Hushpup - call brewing companies or bottling places they have tanks they cant use and will sell for cheap because they used but lightly, or craigslist


----------



## buddogmutt (Aug 31, 2011)

i was medicated..lol...math was off on that 1.(100wper ft...not sqft..my bad) ..the rest of the info is correct though....thats why agreed a 600w would be enough for a 4x4...and you gotta take into account the climate in his area...he's like me..95-101-102 is very common in our ares in the summer...im talkin 80 at midnight....3months of hot heat...


----------



## Sol (Aug 31, 2011)

707NewGenGrower said:
			
		

> Hushpup - call brewing companies or bottling places they have tanks they cant use and will sell for cheap because they used but lightly, or craigslist



  Since you seem to exp. with co2, what do you think of the yeast,sugar,baking soda method for a small small space? Or is it a waste of time? I mean besides the regulation issue, is it a waste of time besides that?
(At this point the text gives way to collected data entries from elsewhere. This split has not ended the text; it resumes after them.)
(* Let $G$ and $H$ be finite simple graphs, and let $x$ be a vertex of $G$ and $y$ a vertex of $H$. Then the curvature of the strong product at the vertex $(x,y)$ is the product of the curvatures: $$K_{G*H}(x,y)=K_G(x)\,K_H(y).$$
   Context: All graphs are finite simple graphs. A complete subgraph with $k+1$ vertices has dimension $k$; $f_k(G)$ denotes the number of complete subgraphs of $G$ of dimension $k$, and the simplex generating function is $f_G(t)=1+f_0(G)t+f_1(G)t^2+\cdots+f_d(G)t^{d+1}$ (for the empty graph $f_G(t)=1$). For a vertex $x$ of $G$, the unit sphere $S(x)$ is the subgraph of $G$ induced on the set of vertices adjacent to $x$. The curvature of $G$ at $x$ is $K_G(x)=\int_{-1}^0 f_{S(x)}(s)\,ds = 1-\frac{f_0(S(x))}{2}+\frac{f_1(S(x))}{3}-\frac{f_2(S(x))}{4}+\cdots$. The strong product $G*H$ has vertex set $V(G)\times V(H)$, and two distinct vertices $(a,b),(c,d)$ are adjacent iff ($a=c$ or $a$ is adjacent to $c$ in $G$) and ($b=d$ or $b$ is adjacent to $d$ in $H$). *)

theory Defs
  imports "HOL-Analysis.Analysis"
begin

definition simple_graph :: "'a set \<Rightarrow> ('a \<Rightarrow> 'a \<Rightarrow> bool) \<Rightarrow> bool" where
  "simple_graph V E \<longleftrightarrow> finite V \<and>
     (\<forall>u v. E u v \<longrightarrow> u \<in> V \<and> v \<in> V \<and> u \<noteq> v \<and> E v u)"

definition cliques :: "'a set \<Rightarrow> ('a \<Rightarrow> 'a \<Rightarrow> bool) \<Rightarrow> 'a set set" where
  "cliques V E = {A. A \<subseteq> V \<and> (\<forall>u\<in>A. \<forall>v\<in>A. u \<noteq> v \<longrightarrow> E u v)}"

definition fnum :: "'a set \<Rightarrow> ('a \<Rightarrow> 'a \<Rightarrow> bool) \<Rightarrow> nat \<Rightarrow> nat" where
  "fnum V E k = card {A \<in> cliques V E. card A = k + 1}"

definition simplex_gf :: "'a set \<Rightarrow> ('a \<Rightarrow> 'a \<Rightarrow> bool) \<Rightarrow> real \<Rightarrow> real" where
  "simplex_gf V E t = 1 + (\<Sum>k<card V. real (fnum V E k) * t ^ (k + 1))"

definition sphere_V :: "'a set \<Rightarrow> ('a \<Rightarrow> 'a \<Rightarrow> bool) \<Rightarrow> 'a \<Rightarrow> 'a set" where
  "sphere_V V E x = {v \<in> V. E x v}"

definition sphere_E :: "'a set \<Rightarrow> ('a \<Rightarrow> 'a \<Rightarrow> bool) \<Rightarrow> 'a \<Rightarrow> 'a \<Rightarrow> 'a \<Rightarrow> bool" where
  "sphere_E V E x u v \<longleftrightarrow> E u v \<and> u \<in> sphere_V V E x \<and> v \<in> sphere_V V E x"

definition curvature :: "'a set \<Rightarrow> ('a \<Rightarrow> 'a \<Rightarrow> bool) \<Rightarrow> 'a \<Rightarrow> real" where
  "curvature V E x = integral {-1..0} (simplex_gf (sphere_V V E x) (sphere_E V E x))"

definition strong_V :: "'a set \<Rightarrow> 'b set \<Rightarrow> ('a \<times> 'b) set" where
  "strong_V V W = V \<times> W"

definition strong_E :: "'a set \<Rightarrow> ('a \<Rightarrow> 'a \<Rightarrow> bool) \<Rightarrow> 'b set \<Rightarrow> ('b \<Rightarrow> 'b \<Rightarrow> bool)
    \<Rightarrow> 'a \<times> 'b \<Rightarrow> 'a \<times> 'b \<Rightarrow> bool" where
  "strong_E V E W F p q \<longleftrightarrow> p \<in> V \<times> W \<and> q \<in> V \<times> W \<and> p \<noteq> q \<and>
     (fst p = fst q \<or> E (fst p) (fst q)) \<and> (snd p = snd q \<or> F (snd p) (snd q))"

end

theory Submission
  imports Defs
begin

(* The simplex generating function of S(x) is the sum of t^|A| over the cliques A of S(x), so the
   curvature is the sum of the weights w(|A|) = integral of t^|A| over [-1,0] = (-1)^|A| / (|A| + 1).
   A clique of the unit sphere of (x,y) in G*H is a subset A of B(x) x B(y) - {(x,y)}, B the unit ball,
   whose projections with x resp. y removed are cliques X of S(x) and Y of S(y). Grouping by (X,Y),
   it suffices that the weights of all A with these projections sum to w(|X|) w(|Y|). Inclusion-exclusion
   over the elements of X and Y missed by the projections turns this sum into an alternating sum of
   sums over all subsets of smaller punctured boxes; over all subsets of an n-set the weights sum to
   the integral of (1+t)^n, i.e. 1/(n+1), and for a punctured box n+1 = (|X'|+1)(|Y'|+1) factors. *)

lemma image_minus_singleton_eq_iff: "x \<notin> X \<Longrightarrow> f ` A - {x} = X \<longleftrightarrow> f ` A \<subseteq> insert x X \<and> X \<subseteq> f ` A"
  by blast

lemma subset_product_iff: "A \<subseteq> P \<times> Q \<longleftrightarrow> fst ` A \<subseteq> P \<and> snd ` A \<subseteq> Q"
  by fastforce

lemma has_integral_power_shift:
  fixes a b c :: real
  assumes "a \<le> b"
  shows "((\<lambda>t. (t + c) ^ n) has_integral (((b + c) ^ Suc n - (a + c) ^ Suc n) / Suc n)) {a..b}"
proof -
  have "((\<lambda>t. (t + c) ^ Suc n / Suc n) has_real_derivative (t + c) ^ n) (at t within {a..b})" for t
    by (rule derivative_eq_intros refl | simp)+
  then show ?thesis
    using fundamental_theorem_of_calculus[OF assms, of "\<lambda>t. (t + c) ^ Suc n / Suc n"]
    by (simp add: has_real_derivative_iff_has_vector_derivative diff_divide_distrib)
qed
I use a bubbler stopper at the top like the wine casks use to bleed off co2, but i'm not sure if its worth the aggrivation or should i also take your advice and get a tank and do it proper?  BTW i read the same info on heat tolerance with co2 and want to take advantage of that technique.


----------



## pcduck (Aug 31, 2011)

I am with THG, I do not understand your method of co2 enrichment.

Wouldn't turning on the exhaust fan just deplete the co2 that you just pumped in? If I was not gonna to monitor the rate of co2 usage I would at least give the co2 a change to get used by the plants before turning exhaust fans on. Just my $0.02


----------



## 707NewGenGrower (Aug 31, 2011)

solanero - waste of time in my opinion unless its a huge container, its not going to produce enough co2 to keep it at cponstant 1500-1800 ppm 
if u have a small space, get a sealed container, put whole in top, attach tubing, put on back of osc fan, and put dry ice in container. have to look up exact cubic feet 1 lb covers, but i always bought around 1/2-3/4 lb of dry ice per day

pcduck - if the fan is on the top of the tent it is only sucking hot air up, co2 is heavier than air so it stays on bottom of tent, at the rate its replacing the air its not fast enough to suck out the co2 the rate its going in


----------



## The Hemp Goddess (Sep 1, 2011)

Solanero said:
			
		

> Since you seem to exp. with co2, what do you think of the yeast,sugar,baking soda method for a small small space? Or is it a waste of time? I mean besides the regulation issue, is it a waste of time besides that? I use a bubbler stopper at the top like the wine casks use to bleed off co2, but i'm not sure if its worth the aggrivation or should i also take your advice and get a tank and do it proper?  BTW i read the same info on heat tolerance with co2 and want to take advantage of that technique.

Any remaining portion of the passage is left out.